Aim of the exercise = Go through the records below and show every line with the string "words".

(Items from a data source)
• • • • •

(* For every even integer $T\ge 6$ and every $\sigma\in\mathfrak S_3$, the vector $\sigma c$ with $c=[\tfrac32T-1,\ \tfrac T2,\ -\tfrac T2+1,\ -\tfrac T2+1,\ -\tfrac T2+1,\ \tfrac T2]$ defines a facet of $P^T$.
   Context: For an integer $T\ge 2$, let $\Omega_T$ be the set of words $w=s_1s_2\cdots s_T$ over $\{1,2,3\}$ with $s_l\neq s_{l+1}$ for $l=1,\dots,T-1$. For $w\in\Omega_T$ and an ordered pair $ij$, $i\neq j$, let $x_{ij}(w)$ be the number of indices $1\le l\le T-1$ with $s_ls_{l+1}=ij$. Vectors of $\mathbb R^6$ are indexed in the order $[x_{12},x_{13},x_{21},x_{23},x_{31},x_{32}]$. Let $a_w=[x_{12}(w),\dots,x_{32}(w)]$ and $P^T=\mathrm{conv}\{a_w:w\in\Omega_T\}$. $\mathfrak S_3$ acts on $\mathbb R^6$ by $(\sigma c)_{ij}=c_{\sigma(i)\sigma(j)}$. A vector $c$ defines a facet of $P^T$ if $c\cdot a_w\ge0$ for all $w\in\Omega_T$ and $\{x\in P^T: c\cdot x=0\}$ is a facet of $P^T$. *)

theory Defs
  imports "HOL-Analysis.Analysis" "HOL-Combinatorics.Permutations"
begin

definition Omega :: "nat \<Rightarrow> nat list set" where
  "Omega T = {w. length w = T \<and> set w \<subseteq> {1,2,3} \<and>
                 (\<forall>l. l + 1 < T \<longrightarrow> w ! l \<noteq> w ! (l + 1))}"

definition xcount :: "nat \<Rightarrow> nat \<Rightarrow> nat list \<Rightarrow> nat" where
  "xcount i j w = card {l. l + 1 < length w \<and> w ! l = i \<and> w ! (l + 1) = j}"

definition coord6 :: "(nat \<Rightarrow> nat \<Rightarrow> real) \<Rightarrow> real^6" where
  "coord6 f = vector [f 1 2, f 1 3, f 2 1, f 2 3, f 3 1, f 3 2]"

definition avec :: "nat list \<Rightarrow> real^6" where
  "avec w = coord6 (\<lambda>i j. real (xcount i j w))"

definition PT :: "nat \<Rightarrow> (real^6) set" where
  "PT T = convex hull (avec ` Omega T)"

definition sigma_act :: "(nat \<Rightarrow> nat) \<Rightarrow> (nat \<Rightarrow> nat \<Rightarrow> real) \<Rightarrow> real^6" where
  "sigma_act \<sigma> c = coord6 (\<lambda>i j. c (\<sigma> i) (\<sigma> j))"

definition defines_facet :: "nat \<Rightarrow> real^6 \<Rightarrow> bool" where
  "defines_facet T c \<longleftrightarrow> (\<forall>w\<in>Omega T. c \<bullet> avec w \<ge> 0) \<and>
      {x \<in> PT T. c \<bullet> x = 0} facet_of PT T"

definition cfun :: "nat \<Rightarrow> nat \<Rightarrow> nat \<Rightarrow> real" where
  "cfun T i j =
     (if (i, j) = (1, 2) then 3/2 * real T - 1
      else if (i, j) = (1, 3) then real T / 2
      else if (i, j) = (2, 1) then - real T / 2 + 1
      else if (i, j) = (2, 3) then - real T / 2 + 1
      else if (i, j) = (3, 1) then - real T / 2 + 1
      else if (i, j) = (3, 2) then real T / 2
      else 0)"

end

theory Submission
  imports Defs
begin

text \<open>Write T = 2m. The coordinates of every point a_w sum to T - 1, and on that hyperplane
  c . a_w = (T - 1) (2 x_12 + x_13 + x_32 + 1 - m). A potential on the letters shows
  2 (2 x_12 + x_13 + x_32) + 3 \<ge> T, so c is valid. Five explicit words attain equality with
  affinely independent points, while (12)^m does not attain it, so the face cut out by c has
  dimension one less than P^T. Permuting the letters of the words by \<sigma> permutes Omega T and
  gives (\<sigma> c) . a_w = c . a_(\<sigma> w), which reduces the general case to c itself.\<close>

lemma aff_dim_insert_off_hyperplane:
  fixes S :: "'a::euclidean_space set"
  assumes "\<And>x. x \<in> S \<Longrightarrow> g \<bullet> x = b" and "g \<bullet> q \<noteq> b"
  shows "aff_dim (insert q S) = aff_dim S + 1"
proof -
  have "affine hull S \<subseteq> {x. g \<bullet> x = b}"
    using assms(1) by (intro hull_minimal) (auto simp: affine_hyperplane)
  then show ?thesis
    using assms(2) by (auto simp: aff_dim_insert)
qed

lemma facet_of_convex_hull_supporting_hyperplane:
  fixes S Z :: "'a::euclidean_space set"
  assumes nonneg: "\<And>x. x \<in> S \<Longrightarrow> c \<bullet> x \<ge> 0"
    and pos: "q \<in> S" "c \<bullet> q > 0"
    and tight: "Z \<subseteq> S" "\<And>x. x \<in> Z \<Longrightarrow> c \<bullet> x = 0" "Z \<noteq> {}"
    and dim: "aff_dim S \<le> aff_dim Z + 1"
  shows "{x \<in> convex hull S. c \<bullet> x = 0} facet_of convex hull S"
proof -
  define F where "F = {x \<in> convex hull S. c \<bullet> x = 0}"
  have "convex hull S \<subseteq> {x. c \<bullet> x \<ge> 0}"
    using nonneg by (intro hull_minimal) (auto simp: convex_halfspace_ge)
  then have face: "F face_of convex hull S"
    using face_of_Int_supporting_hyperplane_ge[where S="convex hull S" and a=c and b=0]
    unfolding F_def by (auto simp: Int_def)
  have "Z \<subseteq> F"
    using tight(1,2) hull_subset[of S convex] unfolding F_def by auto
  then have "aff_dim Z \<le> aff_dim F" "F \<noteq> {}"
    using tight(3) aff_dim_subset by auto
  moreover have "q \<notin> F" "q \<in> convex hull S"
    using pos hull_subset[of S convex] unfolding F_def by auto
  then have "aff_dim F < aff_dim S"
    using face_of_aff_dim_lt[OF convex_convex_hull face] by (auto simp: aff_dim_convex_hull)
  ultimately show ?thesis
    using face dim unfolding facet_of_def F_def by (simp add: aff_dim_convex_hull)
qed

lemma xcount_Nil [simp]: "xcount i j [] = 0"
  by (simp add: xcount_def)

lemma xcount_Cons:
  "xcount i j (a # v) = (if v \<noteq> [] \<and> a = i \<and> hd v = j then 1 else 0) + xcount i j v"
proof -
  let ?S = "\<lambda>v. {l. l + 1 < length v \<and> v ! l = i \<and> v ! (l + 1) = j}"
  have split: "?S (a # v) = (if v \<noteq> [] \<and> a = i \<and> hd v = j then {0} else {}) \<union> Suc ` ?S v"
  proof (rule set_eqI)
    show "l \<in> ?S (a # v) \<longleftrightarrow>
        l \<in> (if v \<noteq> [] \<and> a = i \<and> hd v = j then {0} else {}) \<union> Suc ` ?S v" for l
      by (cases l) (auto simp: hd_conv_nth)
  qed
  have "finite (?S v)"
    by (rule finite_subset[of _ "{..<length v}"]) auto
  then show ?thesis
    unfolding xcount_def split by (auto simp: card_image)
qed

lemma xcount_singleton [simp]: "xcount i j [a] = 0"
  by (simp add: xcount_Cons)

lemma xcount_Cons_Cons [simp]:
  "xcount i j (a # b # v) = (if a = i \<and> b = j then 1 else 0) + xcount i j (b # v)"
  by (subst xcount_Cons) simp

• • • • •

Output for this exercise =
   Context: For an integer $T\ge 2$, let $\Omega_T$ be the set of words $w=s_1s_2\cdots s_T$ over $\{1,2,3\}$ with $s_l\neq s_{l+1}$ for $l=1,\dots,T-1$. For $w\in\Omega_T$ and an ordered pair $ij$, $i\neq j$, let $x_{ij}(w)$ be the number of indices $1\le l\le T-1$ with $s_ls_{l+1}=ij$. Vectors of $\mathbb R^6$ are indexed in the order $[x_{12},x_{13},x_{21},x_{23},x_{31},x_{32}]$. Let $a_w=[x_{12}(w),\dots,x_{32}(w)]$ and $P^T=\mathrm{conv}\{a_w:w\in\Omega_T\}$. $\mathfrak S_3$ acts on $\mathbb R^6$ by $(\sigma c)_{ij}=c_{\sigma(i)\sigma(j)}$. A vector $c$ defines a facet of $P^T$ if $c\cdot a_w\ge0$ for all $w\in\Omega_T$ and $\{x\in P^T: c\cdot x=0\}$ is a facet of $P^T$. *)
  2 (2 x_12 + x_13 + x_32) + 3 \<ge> T, so c is valid. Five explicit words attain equality with
  dimension one less than P^T. Permuting the letters of the words by \<sigma> permutes Omega T and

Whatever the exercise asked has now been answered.